*** Opening of Exercise inputs ***

lemma error_bound_constant_le:
  fixes n r m :: real
  assumes "r + 1 \<le> n" "2 \<le> r" "0 < m" "m \<le> 1"
  shows "6/5 + 9/5 * sqrt (n * r) / m \<le> 21/10 * sqrt r * (1 + 3 * r * (n - r)) / m"
proof -
  have sqrt_r: "1 \<le> sqrt r" using assms by simp
  have "sqrt n \<le> n" using assms by (simp add: real_sqrt_le_iff' power2_eq_square)
  moreover have "n - 1 \<le> r * (n - r)"
    using mult_nonneg_nonneg[of "r - 1" "n - r - 1"] assms by (simp add: algebra_simps)
  ultimately have "9/5 * sqrt n \<le> 63/10 * (r * (n - r))" using assms by linarith
  then have "9/5 * sqrt n * sqrt r \<le> 63/10 * (r * (n - r)) * sqrt r"
    using sqrt_r by (intro mult_right_mono) auto
  moreover have "6/5 * m \<le> 21/10 * sqrt r" using sqrt_r assms by linarith
  ultimately have "6/5 * m + 9/5 * sqrt (n * r) \<le> 21/10 * sqrt r * (1 + 3 * r * (n - r))"
    by (simp add: real_sqrt_mult algebra_simps)
  then have "(6/5 * m + 9/5 * sqrt (n * r)) / m \<le> 21/10 * sqrt r * (1 + 3 * r * (n - r)) / m"
    using assms by (intro divide_right_mono) auto
  moreover have "(6/5 * m + 9/5 * sqrt (n * r)) / m = 6/5 + 9/5 * sqrt (n * r) / m"
    using assms by (simp add: field_simps)
  ultimately show ?thesis by simp
qed

lemma local_error_bound_exists:
  fixes Xs :: "real^'r^'n"
  assumes rn: "CARD('r) \<le> CARD('n)" and Xs: "Xs \<in> Splus"
    and nz: "CARD('n) > CARD('r) \<and> CARD('r) > 1 \<longrightarrow> \<not> has_zero_row Xs"
  shows "\<exists>c. local_error_bound Xs c"
proof (cases "CARD('r) = 1")
  case True
  then have "local_error_bound Xs 2"
    unfolding local_error_bound_def using infdist_Splus_single_column by (intro exI[of _ 1]) auto
  then show ?thesis ..
next
  case False
  have "0 < CARD('r)" by simp
  then have "1 < CARD('r)" using False by linarith
  then have "\<not> has_zero_row Xs"
    using nz rn Splus_square_no_zero_row[OF Xs] by (cases "CARD('n) = CARD('r)") auto
  then show ?thesis using local_error_bound_no_zero_row[OF Xs] by blast
qed

section \<open>The penalty inequality at minimizers\<close>

lemma local_penalty_inequality:
  fixes f :: "real^'r^'n \<Rightarrow> real"
  assumes rn: "CARD('r) \<le> CARD('n)" and min: "local_min_P f Xs"
    and proj: "proj_cond f Xs \<delta>' L'" "0 < \<delta>'" "0 \<le> L'"
    and eb: "local_error_bound Xs c"
  shows "\<exists>\<delta>>0. \<forall>X\<in>Stiefel. dist X Xs \<le> \<delta> \<longrightarrow> f X - f Xs + c\<^sup>2 * L' * (norm (negpart X))\<^sup>2 \<ge> 0"
proof -
  obtain e where "0 < e" and Xs: "Xs \<in> Splus"
    and e: "\<And>Y. Y \<in> Splus \<Longrightarrow> dist Y Xs < e \<Longrightarrow> f Xs \<le> f Y"
    using min unfolding local_min_P_def by blast
  obtain d where "0 < d"
    and d: "\<And>X. X \<in> Stiefel \<Longrightarrow> dist X Xs \<le> d \<Longrightarrow> infdist X Splus \<le> c * norm (negpart X)"
    using eb unfolding local_error_bound_def by blast
  define \<delta> where "\<delta> = min d (min \<delta>' (e / 3))"
  have "f X - f Xs + c\<^sup>2 * L' * (norm (negpart X))\<^sup>2 \<ge> 0"
    if X: "X \<in> Stiefel" and near: "dist X Xs \<le> \<delta>" for X
  proof -
    obtain Xb where Xb: "Xb \<in> Proj Splus X"
      using Proj_nonempty[OF compact_imp_closed[OF compact_Splus] Splus_nonempty[OF rn]] by blast
    have "Xb \<in> Splus" and Xb_min: "dist X Xb \<le> dist X Xs"
      using Xb Xs by (auto simp: Proj_def)
    have "dist X Xb \<le> c * norm (negpart X)"
      using d[OF X] near dist_Proj_eq_infdist[OF Xb] by (simp add: \<delta>_def)
    then have "(dist X Xb)\<^sup>2 \<le> c\<^sup>2 * (norm (negpart X))\<^sup>2"
      by (metis power_mono zero_le_dist power_mult_distrib)
    then have "f X - f Xb \<ge> - (c\<^sup>2 * L' * (norm (negpart X))\<^sup>2)"
      using proj X near Xb mult_left_mono[of _ _ L']
      unfolding proj_cond_def \<delta>_def by (fastforce simp: algebra_simps)
    moreover have "dist Xb Xs < e"
      using dist_triangle[of Xb Xs X] Xb_min near \<open>0 < e\<close> by (simp add: dist_commute \<delta>_def)
    then have "f Xs \<le> f Xb" using e \<open>Xb \<in> Splus\<close> by blast
    ultimately show ?thesis by linarith
  qed
  moreover have "0 < \<delta>" using \<open>0 < d\<close> \<open>0 < \<delta>'\<close> \<open>0 < e\<close> by (simp add: \<delta>_def)
  ultimately show ?thesis by blast
qed

lemma conclusions_at_local_min:
  fixes f :: "real^'r^'n \<Rightarrow> real"
  assumes rn: "CARD('r) \<le> CARD('n)" and min: "local_min_P f Xs"
    and nz: "CARD('n) > CARD('r) \<and> CARD('r) > 1 \<longrightarrow> \<not> has_zero_row Xs"
    and proj: "proj_cond f Xs \<delta>' L'" "0 < \<delta>'" "0 < L'"
  shows "conclusions f Xs L'"
proof -
  have Xs: "Xs \<in> Splus" using min by (simp add: local_min_P_def)
  note penalty = local_penalty_inequality[OF rn min proj(1,2) less_imp_le[OF proj(3)]]
  have "local_error_bound Xs \<kappa>'"
    if \<kappa>': "0 < \<kappa>'" "\<forall>Z\<in>(Stiefel :: (real^'r^'n) set). infdist Z Splus \<le> \<kappa>' * infdist Z Nonneg"
    for \<kappa>'
    unfolding local_error_bound_def
    using \<kappa>' infdist_Nonneg_le_norm_negpart mult_left_mono[of _ _ \<kappa>']
    by (intro exI[of _ 1]) (fastforce intro: order_trans)
  moreover have "local_error_bound Xs
      (21/10 * sqrt (real CARD('r)) * (1 + 3 * real CARD('r) * (real CARD('n) - real CARD('r)))
        / min_nonzero_entry Xs)"
    if "CARD('n) > CARD('r) \<and> CARD('r) > 1"
  proof (rule local_error_bound_mono)
    have "\<not> has_zero_row Xs" using nz that by blast
    then show "local_error_bound Xs
        (6/5 + 9/5 * sqrt (real CARD('n) * real CARD('r)) / min_nonzero_entry Xs)"
      by (rule local_error_bound_no_zero_row[OF Xs])
    show "6/5 + 9/5 * sqrt (real CARD('n) * real CARD('r)) / min_nonzero_entry Xs
        \<le> 21/10 * sqrt (real CARD('r)) * (1 + 3 * real CARD('r) * (real CARD('n) - real CARD('r)))
          / min_nonzero_entry Xs"
      using that min_nonzero_entry_Splus_bounds[OF Xs \<open>\<not> has_zero_row Xs\<close>]
      by (intro error_bound_constant_le) auto
  qed
  ultimately show ?thesis
    unfolding conclusions_def Let_def by (blast dest: penalty)
qed

section \<open>Exact penalty\<close>

lemma penalty_violations_accumulate_at_argmin:
  fixes f g :: "'a::metric_space \<Rightarrow> real" and x :: "nat \<Rightarrow> 'a"
  assumes S: "compact S" and f: "continuous_on S f" and g: "continuous_on S g"
    and g_nonneg: "\<forall>x\<in>S. 0 \<le> g x"
    and xm: "xm \<in> argmin_on {x\<in>S. g x = 0} f"
    and x: "\<And>k. x k \<in> S" "\<And>k. f (x k) + real k * g (x k) < f xm"
  obtains l r where "strict_mono r" "(x \<circ> r) \<longlonglongrightarrow> l" "l \<in> argmin_on {x\<in>S. g x = 0} f"
proof -
  obtain l r where l: "l \<in> S" and r: "strict_mono r" and lim: "(x \<circ> r) \<longlonglongrightarrow> l"
    using compact_imp_seq_compact[OF S] x(1) unfolding seq_compact_def by metis
  have "S \<noteq> {}" using xm by (auto simp: argmin_on_def)
  then obtain y0 where "y0 \<in> S" and y0: "\<And>y. y \<in> S \<Longrightarrow> f y0 \<le> f y"
    using continuous_attains_inf[OF S _ f] by blast
  have "g l \<le> 0"
  proof (rule LIMSEQ_le)
    show "(\<lambda>k. g (x (r k))) \<longlonglongrightarrow> g l"
      using continuous_on_tendsto_compose[OF g lim l] x(1) by (simp add: o_def)
    show "(\<lambda>k. (f xm - f y0) / real (r k)) \<longlonglongrightarrow> 0"
      using LIMSEQ_subseq_LIMSEQ[OF lim_const_over_n[of "f xm - f y0"] r] by (simp add: o_def)
    have "g (x (r k)) \<le> (f xm - f y0) / real (r k)" if "k \<ge> 1" for k
    proof -
      have "0 < r k" using seq_suble[OF r, of k] that by linarith
      moreover have "real (r k) * g (x (r k)) \<le> f xm - f y0"
        using x(2)[of "r k"] y0[OF x(1)[of "r k"]] by simp
      ultimately show ?thesis by (simp add: field_simps)
    qed
    then show "\<exists>N. \<forall>k\<ge>N. g (x (r k)) \<le> (f xm - f y0) / real (r k)" by blast
  qed
  then have "g l = 0" using g_nonneg l by force
  have "f (x k) \<le> f xm" for k
  proof -
    have "0 \<le> real k * g (x k)" using g_nonneg x(1)[of k] by simp
    then show ?thesis using x(2)[of k] by linarith
  qed
  then have "f l \<le> f xm"
    using continuous_on_tendsto_compose[OF f lim l] x(1)
    by (intro LIMSEQ_le_const2) (auto simp: o_def)
  then have "l \<in> argmin_on {x\<in>S. g x = 0} f"
    using xm l \<open>g l = 0\<close> unfolding argmin_on_def by (auto intro: order_trans[OF \<open>f l \<le> f xm\<close>])
  then show ?thesis using that r lim by blast
qed
lemma bell_coeff_Suc:
  assumes j: "j \<in> bell_index (Suc n) (Suc k)"
  shows "fact (Suc n) div bell_denom j (Suc n) = (\<Sum>i\<in>{i\<in>{..n}. 0 < j (Suc i)}.
      (n choose i) * (fact (n - i) div bell_denom (remove_part j (Suc i)) (n - i)))"
proof -
  have "bell_denom j (Suc n) * (\<Sum>i\<in>{i\<in>{..n}. 0 < j (Suc i)}.
      (n choose i) * (fact (n - i) div bell_denom (remove_part j (Suc i)) (n - i))) = fact (Suc n)"
    using bell_denom_mult_coeff_sum[OF j] bell_denom_dvd_fact[OF bell_index_remove_part[OF j]] .
  from this[symmetric] show ?thesis
    using bell_denom_pos[of j "Suc n"] by simp
qed

lemma bell_poly_Suc_Suc:
  "bell_poly (Suc n) (Suc k) y = (\<Sum>i\<le>n. of_nat (n choose i) * y (Suc i) * bell_poly (n - i) k y)"
proof -
  define B where "B = bell_index (Suc n) (Suc k)"
  define F where "F i j = of_nat (n choose i) * y (Suc i) *
    (of_nat (fact (n - i) div bell_denom (remove_part j (Suc i)) (n - i))
      * bell_monomial y (remove_part j (Suc i)) (n - i))" for i j
  have split_summand: "of_nat (fact (Suc n) div bell_denom j (Suc n)) * bell_monomial y j (Suc n)
      = (\<Sum>i\<in>{i\<in>{..n}. 0 < j (Suc i)}. F i j)" if j: "j \<in> B" for j
    unfolding bell_coeff_Suc[OF j[unfolded B_def]] of_nat_sum sum_distrib_right
  proof (rule sum.cong[OF refl])
    fix i assume "i \<in> {i\<in>{..n}. 0 < j (Suc i)}"
    then have i: "i \<le> n" "0 < j (Suc i)" by auto
    show "of_nat ((n choose i) * (fact (n - i) div bell_denom (remove_part j (Suc i)) (n - i)))
        * bell_monomial y j (Suc n) = F i j"
      unfolding F_def bell_monomial_remove_part[OF j[unfolded B_def] i] by (simp add: ac_simps)
  qed
  have reindex: "(\<Sum>j\<in>{j\<in>B. 0 < j (Suc i)}. of_nat (fact (n - i) div bell_denom (remove_part j (Suc i)) (n - i))
      * bell_monomial y (remove_part j (Suc i)) (n - i)) = bell_poly (n - i) k y" if i: "i \<le> n" for i
    unfolding bell_poly_eq
  proof (rule sum.reindex_bij_witness[where i="\<lambda>j. add_part j (Suc i)" and j="\<lambda>j. remove_part j (Suc i)"])
    fix j assume "j \<in> {j\<in>B. 0 < j (Suc i)}"
    then show "add_part (remove_part j (Suc i)) (Suc i) = j" "remove_part j (Suc i) \<in> bell_index (n - i) k"
      using add_remove_part bell_index_remove_part[OF _ i] by (auto simp: B_def)
  next
    fix j assume "j \<in> bell_index (n - i) k"
    then show "add_part j (Suc i) \<in> {j\<in>B. 0 < j (Suc i)}"
      using bell_index_add_part[OF _ i] by (simp add: B_def add_part_def)
    show "remove_part (add_part j (Suc i)) (Suc i) = j" by (rule remove_add_part)
  qed simp
  have "bell_poly (Suc n) (Suc k) y = (\<Sum>j\<in>B. \<Sum>i\<in>{i\<in>{..n}. 0 < j (Suc i)}. F i j)"
    unfolding bell_poly_eq B_def[symmetric] by (rule sum.cong[OF refl]) (rule split_summand)
  also have "\<dots> = (\<Sum>i\<le>n. \<Sum>j\<in>{j\<in>B. 0 < j (Suc i)}. F i j)"
    using finite_bell_index unfolding B_def by (intro sum.swap_restrict) simp_all
  also have "\<dots> = (\<Sum>i\<le>n. of_nat (n choose i) * y (Suc i) * bell_poly (n - i) k y)"
    unfolding F_def sum_distrib_left[symmetric] by (intro sum.cong) (simp_all add: reindex)
  finally show ?thesis .
qed

lemma bell_poly_0_left: "bell_poly 0 k y = (if k = 0 then 1 else 0)"
  by (simp add: bell_poly_eq bell_index_0 bell_denom_def bell_monomial_def)

lemma bell_poly_0_right: "bell_poly n 0 y = (if n = 0 then 1 else 0)"
  by (cases n) (simp add: bell_poly_0_left, simp add: bell_poly_eq bell_index_Suc_0)

lemma bell_poly_eq_0: "n < k \<Longrightarrow> bell_poly n k y = 0"
  by (simp add: bell_poly_eq bell_index_empty)

lemma bell_poly_diag: "bell_poly n n y = y 1 ^ n"
proof (induction n)
  case (Suc n)
  have "bell_poly (Suc n) (Suc n) y = (\<Sum>i\<le>n. if i = 0 then y 1 * bell_poly n n y else 0)"
    unfolding bell_poly_Suc_Suc by (intro sum.cong) (auto simp: bell_poly_eq_0)
  with Suc.IH show ?case by simp
qed (simp add: bell_poly_0_left)

lemma bell_poly_1: "0 < n \<Longrightarrow> bell_poly n 1 y = y n"
proof (cases n)
  case (Suc m)
  have "bell_poly (Suc m) (Suc 0) y = (\<Sum>i\<le>m. if i = m then y (Suc m) else 0)"
    unfolding bell_poly_Suc_Suc by (intro sum.cong) (auto simp: bell_poly_0_right)
  with Suc show ?thesis by simp
qed simp
(* Let $p$ be a prime, $d\geq3$ odd, $\nu\geq0$, $n\geq2$, $q=p^f$ with $f\in\{1,2,\ldots\}\cup\{\infty\}$ (convention $p^\infty=0$, and $f\geq2$ if $p=2$). Let $G=\langle x_1,\ldots,x_d\mid r_0,r_1,\ldots,r_\nu\rangle$ be a minimal pro-$p$ presentation with $r_0=x_1^q[x_1,{}_n\,x_2][x_2,x_3][x_4,x_5]\cdots[x_{d-1},x_d]\cdot s$, $r_1,\ldots,r_\nu\in S'$, $s\in S''$, where $S$ is the closed subgroup generated by $x_3,\ldots,x_d$. Let $\theta\colon G\to1+p\mathbb{Z}_p$ be an orientation such that the cyclotomic pro-$p$ pair $(G,\theta)$ is torsion-free. If $(G,\theta)$ is Kummerian, then $q=0$ and $\theta(x_i)=1$ for $i=2,\ldots,d$.
   Context: Commutators $[x,y]=x^{-1}y^{-1}xy$, $[y,{}_k x]$ left-normed with $x$ repeated $k$ times; $H'$ closed commutator subgroup, $H''=(H')'$. An orientation is a continuous homomorphism $\theta\colon G\to1+p\mathbb{Z}_p$; $(G,\theta)$ is a cyclotomic pro-$p$ pair, called torsion-free if $p$ is odd or if $p=2$ and $\theta(G)\subseteq1+4\mathbb{Z}_2$. $\mathbb{Z}_p(\theta)$ denotes $\mathbb{Z}_p$ with $G$-action $g.\lambda=\theta(g)\lambda$. The pair is Kummerian if for every $k\geq1$ the map $H^1(G,\mathbb{Z}_p(\theta)/p^k\mathbb{Z}_p(\theta))\to H^1(G,\mathbb{F}_p)$ induced by reduction mod $p$ is surjective. *)

theory Defs
  imports "HOL-Algebra.Algebra" "HOL-Analysis.Product_Topology" "HOL-Analysis.T1_Spaces"
begin

definition topgroup :: "('a, 'b) monoid_scheme \<Rightarrow> 'a topology \<Rightarrow> bool" where
  "topgroup G T \<longleftrightarrow> group G \<and> topspace T = carrier G \<and>
     continuous_map (prod_topology T T) T (\<lambda>(a, b). a \<otimes>\<^bsub>G\<^esub> b) \<and>
     continuous_map T T (\<lambda>a. inv\<^bsub>G\<^esub> a)"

*** Close of Exercise inputs ***

To do: Counting only lines that contain the word "colon", give the number found in the data, and nothing else.

Expected answer: 2